Resource Core 1: Biostatistics Core Featured Image

Core Leader: Qian-Li Xue, PhD; Co-Leader: Karen Bandeen-Roche, PhD

The Biostatistics Core (OAIC Resource Core 1, or RC1), seeks to empower our institutions’ scientists with the quantitative support and expertise needed to create and translate into clinical practice the next generations of research on frailty. The functions supplied by the Biostatistics Core of the Johns Hopkins Older Americans Independence Center have been central in the creation of significant research, training and practice paradigms for addressing frailty in older adults. The key Biostatistics Core functions include: a central role in the mentorship and training of junior colleagues in the statistics of frailty and aging; the development and dissemination of emerging resources and technologies for data management and analysis; the provision of database and statistical expertise and support to scholarship on frailty and aging, needed methodological innovation, and collaborative intellectual leadership for the creation and translation of research on frailty. Outcomes of this Core, in collaboration in this OAIC and beyond, include advancement of knowledge on the ascertainment, biological and etiological underpinnings, health consequences, and treatment of frailty, research surmounting significant methodological challenges to the study of frailty, and the creation of intellectual capital and infrastructure for further advances. These have laid crucial groundwork for intervening on frailty.

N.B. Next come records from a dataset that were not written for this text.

lemma continuous_on_psi: "continuous_on {0<..<\<tau>} psi"
proof (intro continuous_at_imp_continuous_on ballI)
  fix t assume "t \<in> {0<..<\<tau>}"
  then have "0 < t" "0 < s t" using s_pos[of t] by auto
  then have "s t * (A + s t) \<noteq> 0"
    using A_pos by (intro dual_order.strict_implies_not_eq mult_pos_pos add_pos_pos)
  then show "isCont psi t"
    unfolding psi_def using \<open>0 < t\<close> by (intro continuous_intros isCont_a isCont_a' isCont_s)
qed

lemma one_minus_g_integral_pos: "0 < 1 - a' \<tau> * integral {0..\<tau>} (g_integrand 0)"
proof -
  define W where "W t = psi t - a' \<tau> * g_integrand 0 t" for t
  have g0_int: "g_integrand 0 integrable_on {0<..<\<tau>}"
    using g_integrand_integrable tau_pos by simp
  have g0_int': "(\<lambda>t. a' \<tau> * g_integrand 0 t) integrable_on {0<..<\<tau>}"
    using integrable_on_cmult_left[OF g0_int, of "a' \<tau>"] by simp
  have W_int: "W integrable_on {0<..<\<tau>}"
    unfolding W_def by (rule integrable_diff[OF psi_integrable_on_Ioo g0_int'])
  have "integral {0<..<\<tau>} W = 1 - a' \<tau> * integral {0..\<tau>} (g_integrand 0)"
    unfolding W_def
    using integral_diff[OF psi_integrable_on_Ioo g0_int']
    by (simp add: integral_psi integral_open_interval_real)
  moreover obtain t1 where t1: "t1 \<in> {0<..<\<tau>}" "a t1 / a' t1 < A / a' \<tau>"
    using a_div_a'_not_constant[OF tau_pos] by blast
  have "0 < integral {0<..<\<tau>} W"
  proof (rule integral_Ioo_pos_if_pos_at[OF W_int _ _ t1(1)])
    show "continuous_on {0<..<\<tau>} W"
      unfolding W_def by (intro continuous_intros continuous_on_psi continuous_on_g_integrand)
  next
    fix t assume "t \<in> {0<..<\<tau>}"
    then have t: "0 < t" "t < \<tau>" by auto
    have "0 \<le> (A / s t - 1) / a t * (A * a' t / a t - a' \<tau>)"
      using A_div_s_gt_1[OF t] a_pos[OF t(1)] a'_tau_le_A_mul_a'_div_a(1)[of t] t by simp
    then show "0 \<le> W t"
      unfolding W_def using psi_minus_g_integrand_ge[OF t] by linarith
  next
    have t: "0 < t1" "t1 < \<tau>" using t1 by auto
    have "0 < (A / s t1 - 1) / a t1 * (A * a' t1 / a t1 - a' \<tau>)"
      using A_div_s_gt_1[OF t] a_pos[OF t(1)] a'_tau_le_A_mul_a'_div_a(2)[of t1] t1 by simp
    then show "0 < W t1"
      unfolding W_def using psi_minus_g_integrand_ge[OF t] by linarith
  qed
  ultimately show ?thesis by simp
qed

end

For over 20 years, the Biostatistics Core has dedicated a critical mass of leadership from gerontologically informed biostatisticians toward the amelioration of frailty in older adults through our OAIC, and its leadership has dedicated the same to research on aging for more than 25 years. The specific aims of the Biostatistics Core are to:

  • Mentor junior scholars supported by our Research Education Component and broader OAIC, with the goals of optimizing: access to data analytic expertise and support; usage of modern database and analytic resources; training in quantitative methods needed to effect high quality research and effectiveness of collaboration with statistical colleagues.
  • Provide resources in data infrastructure and emerging computing technologies essential to discovery on frailty, and not possible absent an OAIC or its equivalent.
  • Stimulate and advance research on frailty at our institution, by:
    • Providing analytic and data management support for research on frailty sponsored as high-priority by this OAIC, including REC and Pilot and Exploratory Studies Core (PESC) projects, external projects (EPs) and development projects (DPs) of other Cores.
    • Developing new methodologies for data analysis needed to translate basic research into clinical practice.
  • Partner with our fellow OAIC Cores, the scholarly community on aging at Johns Hopkins, and fellow OAICs to promote scholarship on frailty and aging, its translation into effective prevention and intervention strategies, and heighten its visibility.